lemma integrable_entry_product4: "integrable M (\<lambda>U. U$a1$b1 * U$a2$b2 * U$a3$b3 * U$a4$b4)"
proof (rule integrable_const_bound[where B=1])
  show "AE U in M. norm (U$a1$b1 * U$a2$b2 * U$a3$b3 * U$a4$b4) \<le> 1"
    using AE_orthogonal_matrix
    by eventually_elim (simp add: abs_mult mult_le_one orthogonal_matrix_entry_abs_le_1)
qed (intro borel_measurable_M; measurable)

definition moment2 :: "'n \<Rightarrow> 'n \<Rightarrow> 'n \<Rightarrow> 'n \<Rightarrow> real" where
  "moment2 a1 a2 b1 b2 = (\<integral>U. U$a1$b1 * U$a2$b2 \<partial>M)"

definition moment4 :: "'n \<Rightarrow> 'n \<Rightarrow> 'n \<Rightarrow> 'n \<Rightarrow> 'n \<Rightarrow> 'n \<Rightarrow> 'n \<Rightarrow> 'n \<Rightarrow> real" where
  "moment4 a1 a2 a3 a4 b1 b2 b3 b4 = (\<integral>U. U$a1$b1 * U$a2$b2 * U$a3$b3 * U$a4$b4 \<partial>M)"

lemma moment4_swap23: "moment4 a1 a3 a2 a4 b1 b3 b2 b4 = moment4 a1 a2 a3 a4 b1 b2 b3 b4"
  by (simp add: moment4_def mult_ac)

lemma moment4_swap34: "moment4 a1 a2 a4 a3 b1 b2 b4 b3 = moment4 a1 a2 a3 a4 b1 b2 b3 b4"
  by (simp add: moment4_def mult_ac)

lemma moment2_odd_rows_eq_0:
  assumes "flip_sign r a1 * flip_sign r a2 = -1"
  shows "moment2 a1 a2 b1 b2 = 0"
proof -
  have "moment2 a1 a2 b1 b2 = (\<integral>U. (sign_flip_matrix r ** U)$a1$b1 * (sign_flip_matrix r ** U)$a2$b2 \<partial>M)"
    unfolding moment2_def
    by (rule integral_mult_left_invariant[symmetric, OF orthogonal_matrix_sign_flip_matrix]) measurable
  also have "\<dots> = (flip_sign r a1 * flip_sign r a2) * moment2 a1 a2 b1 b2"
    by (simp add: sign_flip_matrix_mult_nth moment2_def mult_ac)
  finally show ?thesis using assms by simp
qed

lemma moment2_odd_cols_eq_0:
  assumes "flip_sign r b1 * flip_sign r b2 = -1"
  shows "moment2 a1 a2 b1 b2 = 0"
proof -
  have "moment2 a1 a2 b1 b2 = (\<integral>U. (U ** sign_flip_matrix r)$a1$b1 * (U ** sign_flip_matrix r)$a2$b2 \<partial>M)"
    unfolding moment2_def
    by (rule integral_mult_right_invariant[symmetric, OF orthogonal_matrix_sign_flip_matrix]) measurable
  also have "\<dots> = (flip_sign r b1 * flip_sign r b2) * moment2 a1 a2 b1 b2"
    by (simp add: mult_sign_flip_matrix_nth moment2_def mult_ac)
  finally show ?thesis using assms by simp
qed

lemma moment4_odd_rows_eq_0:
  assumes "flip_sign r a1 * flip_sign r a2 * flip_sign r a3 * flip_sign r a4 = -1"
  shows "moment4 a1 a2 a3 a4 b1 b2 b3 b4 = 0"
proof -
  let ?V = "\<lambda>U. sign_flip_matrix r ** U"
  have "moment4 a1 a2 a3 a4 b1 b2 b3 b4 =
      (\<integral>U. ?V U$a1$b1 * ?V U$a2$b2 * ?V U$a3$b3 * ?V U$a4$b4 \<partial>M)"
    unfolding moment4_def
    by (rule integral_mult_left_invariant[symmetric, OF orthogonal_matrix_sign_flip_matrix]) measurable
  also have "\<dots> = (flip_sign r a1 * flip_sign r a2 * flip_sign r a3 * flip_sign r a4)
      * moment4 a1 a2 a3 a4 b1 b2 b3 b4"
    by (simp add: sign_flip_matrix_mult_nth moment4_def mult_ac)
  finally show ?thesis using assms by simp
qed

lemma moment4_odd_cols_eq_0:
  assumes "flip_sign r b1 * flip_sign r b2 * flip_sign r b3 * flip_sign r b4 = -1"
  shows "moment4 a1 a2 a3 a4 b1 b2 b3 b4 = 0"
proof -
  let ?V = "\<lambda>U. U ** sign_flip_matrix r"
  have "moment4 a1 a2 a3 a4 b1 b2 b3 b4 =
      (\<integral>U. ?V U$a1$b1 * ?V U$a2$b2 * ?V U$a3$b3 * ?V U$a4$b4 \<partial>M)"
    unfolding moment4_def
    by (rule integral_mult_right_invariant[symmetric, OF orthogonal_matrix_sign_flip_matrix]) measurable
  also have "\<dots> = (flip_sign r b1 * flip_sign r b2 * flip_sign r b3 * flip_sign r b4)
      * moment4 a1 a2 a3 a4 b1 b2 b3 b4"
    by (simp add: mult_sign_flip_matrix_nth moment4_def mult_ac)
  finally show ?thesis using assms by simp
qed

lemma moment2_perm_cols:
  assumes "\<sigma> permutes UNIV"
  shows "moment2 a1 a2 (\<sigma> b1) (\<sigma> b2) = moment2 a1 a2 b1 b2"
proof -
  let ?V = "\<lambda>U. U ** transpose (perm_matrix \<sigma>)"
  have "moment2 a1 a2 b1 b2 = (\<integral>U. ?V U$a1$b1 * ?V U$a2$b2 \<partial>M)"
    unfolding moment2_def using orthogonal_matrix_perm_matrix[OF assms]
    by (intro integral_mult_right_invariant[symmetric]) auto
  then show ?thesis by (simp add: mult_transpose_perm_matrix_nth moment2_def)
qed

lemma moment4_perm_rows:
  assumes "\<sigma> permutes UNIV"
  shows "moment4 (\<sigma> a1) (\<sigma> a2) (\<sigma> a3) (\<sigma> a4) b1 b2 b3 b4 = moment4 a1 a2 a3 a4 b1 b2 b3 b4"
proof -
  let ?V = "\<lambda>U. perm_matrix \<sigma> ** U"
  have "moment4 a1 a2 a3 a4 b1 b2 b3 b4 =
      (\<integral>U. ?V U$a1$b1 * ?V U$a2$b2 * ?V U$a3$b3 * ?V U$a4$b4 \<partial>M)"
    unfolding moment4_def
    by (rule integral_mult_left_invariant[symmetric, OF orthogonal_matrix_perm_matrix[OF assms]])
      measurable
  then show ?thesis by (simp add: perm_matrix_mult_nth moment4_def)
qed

.....

**Work to complete**
Each line from the top of the entries above through the line containing "using AE_orthogonal_matrix" must be transcribed exactly, and no other line may appear.

**Answer below**
lemma integrable_entry_product4: "integrable M (\<lambda>U. U$a1$b1 * U$a2$b2 * U$a3$b3 * U$a4$b4)"
proof (rule integrable_const_bound[where B=1])
  show "AE U in M. norm (U$a1$b1 * U$a2$b2 * U$a3$b3 * U$a4$b4) \<le> 1"
    using AE_orthogonal_matrix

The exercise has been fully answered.